Breaking SIMD shackles with an exposed flexible microarchitecture and the access execute PDG

  • Authors:
  • Venkatraman Govindaraju;Tony Nowatzki;Karthikeyan Sankaralingam

  • Affiliations:
  • University of Wisconsin-Madison, Madison, WI, USA;University of Wisconsin-Madison, Madison, WI, USA;University of Wisconsin-Madison, Madison, WI, USA

  • Venue:
  • PACT '13 Proceedings of the 22nd international conference on Parallel architectures and compilation techniques
  • Year:
  • 2013

Quantified Score

Hi-index 0.00

Visualization

Abstract

Modern microprocessors exploit data level parallelism through in-core data-parallel accelerators in the form of short vector ISA extensions such as SSE/AVX and NEON. Although these ISA extensions have existed for decades, compilers do not generate good quality, high-performance vectorized code without significant programmer intervention and manual optimization. The fundamental problem is that the architecture is too rigid, which overly complicates the compiler's role and simultaneously restricts the types of codes that the compiler can profitably map to these data-parallel accelerators. We take a fundamentally new approach that first makes the architecture more flexible and exposes this flexibility to the compiler.

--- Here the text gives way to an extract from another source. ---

(* Let $\varepsilon>0$, $m>0$, let $\mu,k$ be real functions on $\mathbb{R}^3$ and set $c_1=\frac{15}{m}\mu$, $c_2=\frac{9}{m^2}\big(k-\frac53\mu\big)$. Let $\boldsymbol\alpha(\mathbf{x},\mathbf{y})=\frac{\mathbf{y}-\mathbf{x}}{|\mathbf{y}-\mathbf{x}|^2}\chi_{B_\varepsilon(\mathbf{x})}(\mathbf{y})$ on $\mathbb{R}^3\times\mathbb{R}^3$. For $\mathbf{u}:\mathbb{R}^3\to\mathbb{R}^3$ define $(\mathcal{G}^*_{\boldsymbol\alpha}\mathbf{u})(\mathbf{x},\mathbf{y})=-\big(\mathbf{u}(\mathbf{y})-\mathbf{u}(\mathbf{x})\big)\cdot\boldsymbol\alpha(\mathbf{x},\mathbf{y})$, $(\overline{\mathcal{G}^*_{\boldsymbol\alpha}}\mathbf{u})(\mathbf{x})=-\int_{\mathbb{R}^3}\big(\mathbf{u}(\mathbf{z})-\mathbf{u}(\mathbf{x})\big)\cdot\boldsymbol\alpha(\mathbf{x},\mathbf{z})\,d\mathbf{z}$, $(\mathcal{D}^*_{\boldsymbol\alpha}\mathbf{u})(\mathbf{x},\mathbf{y})=-\big(\mathbf{u}(\mathbf{y})-\mathbf{u}(\mathbf{x})\big)\otimes\boldsymbol\alpha(\mathbf{x},\mathbf{y})$; for a scalar function $\eta$ of two points define $(\mathcal{G}_{\boldsymbol\alpha}\eta)(\mathbf{x})=\int_{\mathbb{R}^3}\big(\eta(\mathbf{y},\mathbf{x})+\eta(\mathbf{x},\mathbf{y})\big)\boldsymbol\alpha(\mathbf{x},\mathbf{y})\,d\mathbf{y}$ (a scalar function $f$ of one point being treated as $\eta(\mathbf{x},\mathbf{y})=f(\mathbf{x})$), and for a tensor function $\boldsymbol\Psi$ of two points $(\mathcal{D}_{\boldsymbol\alpha}\boldsymbol\Psi)(\mathbf{x})=\int_{\mathbb{R}^3}\big(\boldsymbol\Psi(\mathbf{y},\mathbf{x})+\boldsymbol\Psi(\mathbf{x},\mathbf{y})\big)\boldsymbol\alpha(\mathbf{x},\mathbf{y})\,d\mathbf{y}$. Let $w(r)=1/r^2$ and let $\mathcal{L}$ be $(\mathcal{L}\mathbf{u})(\mathbf{x})=\int_{B_\varepsilon(\mathbf{x})}\big(c_1(\mathbf{x})+c_1(\mathbf{y})\big)w(|\mathbf{y}-\mathbf{x}|)\frac{(\mathbf{y}-\mathbf{x})\otimes(\mathbf{y}-\mathbf{x})}{|\mathbf{y}-\mathbf{x}|^2}\big(\mathbf{u}(\mathbf{y})-\mathbf{u}(\mathbf{x})\big)d\mathbf{y}+\int_{B_\varepsilon(\mathbf{x})}\int_{B_\varepsilon(\mathbf{x})}c_2(\mathbf{x})w(|\mathbf{y}-\mathbf{x}|)w(|\mathbf{z}-\mathbf{x}|)\big((\mathbf{y}-\mathbf{x})\otimes(\mathbf{z}-\mathbf{x})\big)\big(\mathbf{u}(\mathbf{z})-\mathbf{u}(\mathbf{x})\big)d\mathbf{z}d\mathbf{y}+\int_{B_\varepsilon(\mathbf{x})}\int_{B_\varepsilon(\mathbf{y})}c_2(\mathbf{y})w(|\mathbf{y}-\mathbf{x}|)w(|\mathbf{z}-\mathbf{y}|)\big((\mathbf{y}-\mathbf{x})\otimes(\mathbf{z}-\mathbf{y})\big)\big(\mathbf{u}(\mathbf{z})-\mathbf{u}(\mathbf{y})\big)d\mathbf{z}d\mathbf{y}$. Then, with $(c_1\mathcal{G}^*_{\boldsymbol\alpha}\mathbf{u})(\mathbf{x},\mathbf{y})=c_1(\mathbf{x})(\mathcal{G}^*_{\boldsymbol\alpha}\mathbf{u})(\mathbf{x},\mathbf{y})$ and $(c_1(\mathcal{D}^*_{\boldsymbol\alpha}\mathbf{u})^T)(\mathbf{x},\mathbf{y})=c_1(\mathbf{x})(\mathcal{D}^*_{\boldsymbol\alpha}\mathbf{u})(\mathbf{x},\mathbf{y})^T$, $-\mathcal{L}\mathbf{u}=\mathcal{G}_{\boldsymbol\alpha}(c_1\mathcal{G}^*_{\boldsymbol\alpha}\mathbf{u})+\mathcal{G}_{\boldsymbol\alpha}(c_2\overline{\mathcal{G}^*_{\boldsymbol\alpha}}\mathbf{u})$, and equivalently $-\mathcal{L}\mathbf{u}=\mathcal{D}_{\boldsymbol\alpha}\big(c_1(\mathcal{D}^*_{\boldsymbol\alpha}\mathbf{u})^T\big)+\mathcal{G}_{\boldsymbol\alpha}(c_2\overline{\mathcal{G}^*_{\boldsymbol\alpha}}\mathbf{u})$.
   Context: $B_\varepsilon(\mathbf{x})$ is the open ball of radius $\varepsilon$ about $\mathbf{x}$ and $\chi_A$ the indicator of $A$; $(\mathbf{a}\otimes\mathbf{b})\mathbf{c}=\mathbf{a}(\mathbf{b}\cdot\mathbf{c})$. $\mathcal{L}$ is the linearized state-based peridynamics operator for an isotropic heterogeneous solid with bulk modulus $k$ and shear modulus $\mu$. All integrals are assumed to converge. *)

theory Defs
  imports "HOL-Analysis.Analysis"
begin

Counter-intuitively, increasing the complexity of the accelerator's interface to the compiler enables a more robust and efficient system that supports many types of codes. This system also enables the performance of auto-acceleration to be comparable to that of manually-optimized implementations. To address the challenges of compiling for flexible accelerators, we propose a variant of Program Dependence Graph called the Access Execute Program Dependence Graph to capture spatio-temporal aspects of memory accesses and computations. We implement a compiler that uses this representation and evaluate it by considering both a suite of kernels developed and tuned for SSE, and "challenge" data-parallel applications, the Parboil benchmarks. We show that our compiler, which targets the DySER accelerator, provides high-quality code for the kernels and full applications, commonly reaching within 30% of manually-optimized and out-performs compiler-produced SSE code by 1.8 times.